To check for validity lateron we solve the sudoku (now with via backtracking algorithm) and save the solution into memory.

In [None]:
sudoku.solve()
solved_board = sudoku.board
solved_board

In order to implement a genetic algorithm that solves a sudoku some metrics needs to be implemented - one for every rule that defines as solved sudoku. Check out the docstring of `Sudoku` below for a list of these rules.

In [None]:
print(Sudoku.__doc__)

We can implement a fitness score for each of these rules which judges how many unique valid digits are i) in each row ii) in each column and
iii) in each box. Below are these scores printed for the starting position seen ealier. We can see that they are all equally bad.

In [None]:
genetic_sudoku = Sudoku(valid_starting_position)
genetic_sudoku.fitness_score_boxes, genetic_sudoku.fitness_score_cols, genetic_sudoku.fitness_score_rows

So far there are 3 metrics and all are equally important, however, we need to choose a single metric [1] in order to judge which sudoku is better than another one so that a "fitter" subset of the population can be chosen for reproduction. Since all 3 rules must be satisfied in order for a sudoku to be classified as solved we cannot choose one of these metrics exclusively. Let's simply take their mean as an overall fitness score.
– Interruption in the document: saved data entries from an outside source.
(* Every multi-parameter random simplicial complex $X\sim X(n,\mathbf{p})$ is homogeneous and spatially independent. Conversely, for every homogeneous and spatially independent random subcomplex $X$ of $\triangle_n$ there exists a multi-parameter $\mathbf{p}=(p_0,\dots,p_{n-1})\in[0,1]^n$ such that $X\sim X(n,\mathbf{p})$.
   Context: $\triangle_n=2^{[n]}$ is the complete simplicial complex on $[n]$; a subcomplex is a family $Y\subset2^{[n]}$ closed under taking subsets, $S_n$ is the set of subcomplexes, and a random subcomplex is an $S_n$-valued random variable. $X$ is homogeneous if $X$ and $gX=\{g(\sigma):\sigma\in X\}$ have the same distribution for every permutation $g$ of $[n]$; spatially independent if $\mathbb{P}(Y_1\cup Y_2\subset X)\mathbb{P}(Y_1\cap Y_2\subset X)=\mathbb{P}(Y_1\subset X)\mathbb{P}(Y_2\subset X)$ for all $Y_1,Y_2\in S_n$. The multi-parameter random simplicial complex $X(n,\mathbf{p})$: retain each vertex of $[n]$ independently with probability $p_0$; each edge with both endpoints retained is added independently with probability $p_1$; iteratively for $i=2,\dots,n-1$, each $i$-simplex (subset of size $i+1$) of $[n]$ all of whose proper faces are already present is added independently with probability $p_i$. Equivalently $\mathbb{P}(X=Y)=\prod_{i=0}^{n-1}p_i^{f_i(Y)}(1-p_i)^{e_i(Y)}$, where $f_i(Y)$ is the number of $i$-simplices of $Y$ and $e_i(Y)$ the number of $i$-simplices $\sigma\notin Y$ all of whose proper subsets lie in $Y$. *)

theory Defs
  imports "HOL-Probability.Probability" "HOL-Combinatorics.Permutations"
begin

text \<open>Vertex set [n] is rendered as {0..<n}. Simplices are nonempty subsets of [n];
  an i-simplex is a subset of size i+1.\<close>

definition subcomplexes :: "nat \<Rightarrow> nat set set set" where
  "subcomplexes n = {Y. (\<forall>\<sigma>\<in>Y. \<sigma> \<noteq> {} \<and> \<sigma> \<subseteq> {0..<n})
                        \<and> (\<forall>\<sigma>\<in>Y. \<forall>\<tau>. \<tau> \<subseteq> \<sigma> \<and> \<tau> \<noteq> {} \<longrightarrow> \<tau> \<in> Y)}"

definition random_subcomplex :: "nat \<Rightarrow> nat set set pmf \<Rightarrow> bool" where
  "random_subcomplex n X \<longleftrightarrow> set_pmf X \<subseteq> subcomplexes n"

definition homogeneous :: "nat \<Rightarrow> nat set set pmf \<Rightarrow> bool" where
  "homogeneous n X \<longleftrightarrow>
     (\<forall>g. g permutes {0..<n} \<longrightarrow> map_pmf (\<lambda>Y. (\<lambda>\<sigma>. g ` \<sigma>) ` Y) X = X)"

definition spatially_independent :: "nat \<Rightarrow> nat set set pmf \<Rightarrow> bool" where
  "spatially_independent n X \<longleftrightarrow>
     (\<forall>Y1\<in>subcomplexes n. \<forall>Y2\<in>subcomplexes n.
        measure_pmf.prob X {Z. Y1 \<union> Y2 \<subseteq> Z} * measure_pmf.prob X {Z. Y1 \<inter> Y2 \<subseteq> Z}
        = measure_pmf.prob X {Z. Y1 \<subseteq> Z} * measure_pmf.prob X {Z. Y2 \<subseteq> Z})"

definition f_num :: "nat set set \<Rightarrow> nat \<Rightarrow> nat" where
  "f_num Y i = card {\<sigma>\<in>Y. card \<sigma> = i + 1}"

definition e_num :: "nat \<Rightarrow> nat set set \<Rightarrow> nat \<Rightarrow> nat" where
  "e_num n Y i = card {\<sigma>. \<sigma> \<subseteq> {0..<n} \<and> card \<sigma> = i + 1 \<and> \<sigma> \<notin> Y
                        \<and> (\<forall>\<tau>. \<tau> \<subset> \<sigma> \<and> \<tau> \<noteq> {} \<longrightarrow> \<tau> \<in> Y)}"

definition mp_prob :: "nat \<Rightarrow> (nat \<Rightarrow> real) \<Rightarrow> nat set set \<Rightarrow> real" where
  "mp_prob n p Y = (\<Prod>i<n. p i ^ f_num Y i * (1 - p i) ^ e_num n Y i)"

definition is_multiparam :: "nat \<Rightarrow> (nat \<Rightarrow> real) \<Rightarrow> nat set set pmf \<Rightarrow> bool" where
  "is_multiparam n p X \<longleftrightarrow> random_subcomplex n X \<and>
     (\<forall>Y\<in>subcomplexes n. pmf X Y = mp_prob n p Y)"

end

(*
  Write P(Y) for the probability that the subcomplex Y is contained in X. Since a subcomplex
  Z containing Y equals Y iff it contains no minimal non-face of Y, splitting on one face at
  a time shows that X ~ X(n,p) iff P(Y) is the product over the faces of Y of p_(dim sigma).
  This product is invariant under relabelling vertices, and it turns spatial independence
  into the identity prod(Y1 Un Y2) * prod(Y1 Int Y2) = prod Y1 * prod Y2.

  Conversely, if sigma is a maximal face of Y then Y is the union of Y - {sigma} and the
  full simplex on sigma, which intersect in the boundary of sigma. Spatial independence thus
  splits off from P(Y) the factor P(simplex sigma) / P(boundary sigma), giving P(Y) as a
  product over the faces of Y, and homogeneity makes each factor depend only on dim sigma.
*)

theory Submission
  imports Defs
begin

definition simplices :: "nat \<Rightarrow> nat set set" where
  "simplices n = {\<sigma>. \<sigma> \<subseteq> {0..<n} \<and> \<sigma> \<noteq> {}}"

definition min_nonfaces :: "nat \<Rightarrow> nat set set \<Rightarrow> nat set set" where
  "min_nonfaces n Y = {\<sigma> \<in> simplices n. \<sigma> \<notin> Y \<and> (\<forall>\<tau>. \<tau> \<subset> \<sigma> \<and> \<tau> \<noteq> {} \<longrightarrow> \<tau> \<in> Y)}"

abbreviation incl_prob :: "'a set pmf \<Rightarrow> 'a set \<Rightarrow> real" where
  "incl_prob X Y \<equiv> measure_pmf.prob X {Z. Y \<subseteq> Z}"

abbreviation incl_avoid_prob :: "'a set pmf \<Rightarrow> 'a set \<Rightarrow> 'a set \<Rightarrow> real" where
  "incl_avoid_prob X Y F \<equiv> measure_pmf.prob X {Z. Y \<subseteq> Z \<and> Z \<inter> F = {}}"

lemma finite_simplices: "finite (simplices n)"
  by (rule finite_subset[of _ "Pow {0..<n}"]) (auto simp: simplices_def)

lemma simplices_card:
  assumes "\<sigma> \<in> simplices n"
  shows "finite \<sigma>" "1 \<le> card \<sigma>" "card \<sigma> \<le> n"
proof -
  have \<sigma>: "\<sigma> \<subseteq> {0..<n}" "\<sigma> \<noteq> {}" using assms by (auto simp: simplices_def)
  then show "finite \<sigma>" using finite_subset by blast
  with \<sigma> show "1 \<le> card \<sigma>" by (simp add: Suc_le_eq card_gt_0_iff)
  show "card \<sigma> \<le> n" using card_mono[OF _ \<sigma>(1)] by simp
qed

lemma subcomplexesI:
  assumes "\<And>\<sigma>. \<sigma> \<in> Y \<Longrightarrow> \<sigma> \<in> simplices n"
    and "\<And>\<sigma> \<tau>. \<sigma> \<in> Y \<Longrightarrow> \<tau> \<subseteq> \<sigma> \<Longrightarrow> \<tau> \<noteq> {} \<Longrightarrow> \<tau> \<in> Y"
  shows "Y \<in> subcomplexes n"
  using assms unfolding subcomplexes_def simplices_def by blast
[1] Generally speaking, this is not a strict requirement but is more straightforward and builds upon the previously seen example building upon organisms, individuals, and populations.

In [None]:
# Mean of the fitness scores for boxes, columns, and rows
genetic_sudoku.fitness_score

Finally let's see this genetic algorithm in action.

In [None]:
# Solve sudoku using a genetic algorithm. Depending on the inputs this can take several minutes.
genetic_sudoku.evolve(
    population_size=5_000,
    lift_factor=0.25,
    verbose=False,
)

Finally, let's verify that the configuration found via the genetic algorithm is actually a solution.

In [None]:
# Verify that the board is solved
genetic_sudoku.board == solved_board

Hooray, we're done! Hope you had fun.